The uniform deserves our respect and wearing the uniform must display respect. Veterans deserve our respect. Those who are suffering from PTS or those who end up homeless on the street deserve our respect and need our support.
The Respect Campaign is a civilian project headquartered in Montreal Quebec. The campaign serves to bring awareness to the needs of our returning troops and veterans. In October 2017, the Respect Campaign unveiled a monument on highway 40 in Kirkland Quebec which is seen by more than 100,000 motorists daily. To promote awareness among business leaders, the Respect Campaign, in partnership with Canadian Forces Morale and Welfare Services (CFMWS), sold “Respect Banners” for commercial buildings of which all proceeds went to CFMWS for distribution to causes supporting the fight against PTS. More than 40 banners were sold along highway 40 and can be seen every year in the fall.
They called it Soldiers Heart in the American Civil War, Shell Shocked during the First World War and Soldiers Fatigue during the Second World War. It has been around a long time and it is not going to disappear. Awareness of this must be continuously promoted.
Government and Canadian Forces cannot do it by themselves. They need the support of the public and the business community. Funds raised will be given to Canadian Forces Morale and Welfare Services and directed to approved programs targeting PTS and Homelessness.

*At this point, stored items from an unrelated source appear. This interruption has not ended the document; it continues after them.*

(* A set with two points at distance d is d/2 away from every singleton, so within distance d/2
   of it rho only sees the sets themselves. *)
lemma rho_Some_less_half_dist:
  assumes "B \<in> Fn n X" "b1 \<in> B" "b2 \<in> B" "y \<in> SFn m X" "rho X (Some B) y < dist b1 b2 / 2"
  obtains C where "y = Some C" "C \<in> Fn m X" "2 \<le> card C" "dH B C \<le> rho X (Some B) y"
proof -
  have B: "finite B" using assms(1) by (simp add: Fn_def)
  have far: "dist b1 b2 / 2 \<le> dH B t" if "t \<in> Fn 1 X" for t
    using that dH_singleton_ge[OF B assms(2,3)] unfolding Fn_one_eq by blast
  show ?thesis
  proof (cases y)
    case None
    then show ?thesis using rho_Some_ge[OF assms(1,4) far] assms(5) by (simp add: qinv_def)
  next
    case (Some C)
    then have C: "C \<in> Fn m X" "C \<notin> Fn 1 X" using assms(4) by (auto simp: SFn_def)
    have "min (dist b1 b2 / 2) (dH B C) \<le> dH B t" if "t \<in> Fn 1 X \<union> qinv X y" for t
      using that Some far[THEN min.coboundedI1] by (auto simp: qinv_def)
    then have "min (dist b1 b2 / 2) (dH B C) \<le> rho X (Some B) y"
      using rho_Some_ge[OF assms(1,4)] by blast
    moreover have "2 \<le> card C" using C by (auto simp: Fn_def)
    ultimately show ?thesis using that Some C assms(5) by (auto simp: min_le_iff_disj)
  qed
qed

These groups include; NGO’s, hospitals, charities, veterans associations, local governments, the Canadian Armed Forces and Veterans Affairs. PTS and homelessness among veterans is a serious problem that requires a collective effort and shared resources.
Those who have served and suffer from PTS are legitimate casualties of conflict and are entitled to the same care and support as all other casualties. Homeless veterans and those suffering from PTS remain in the conflict and should not be left behind.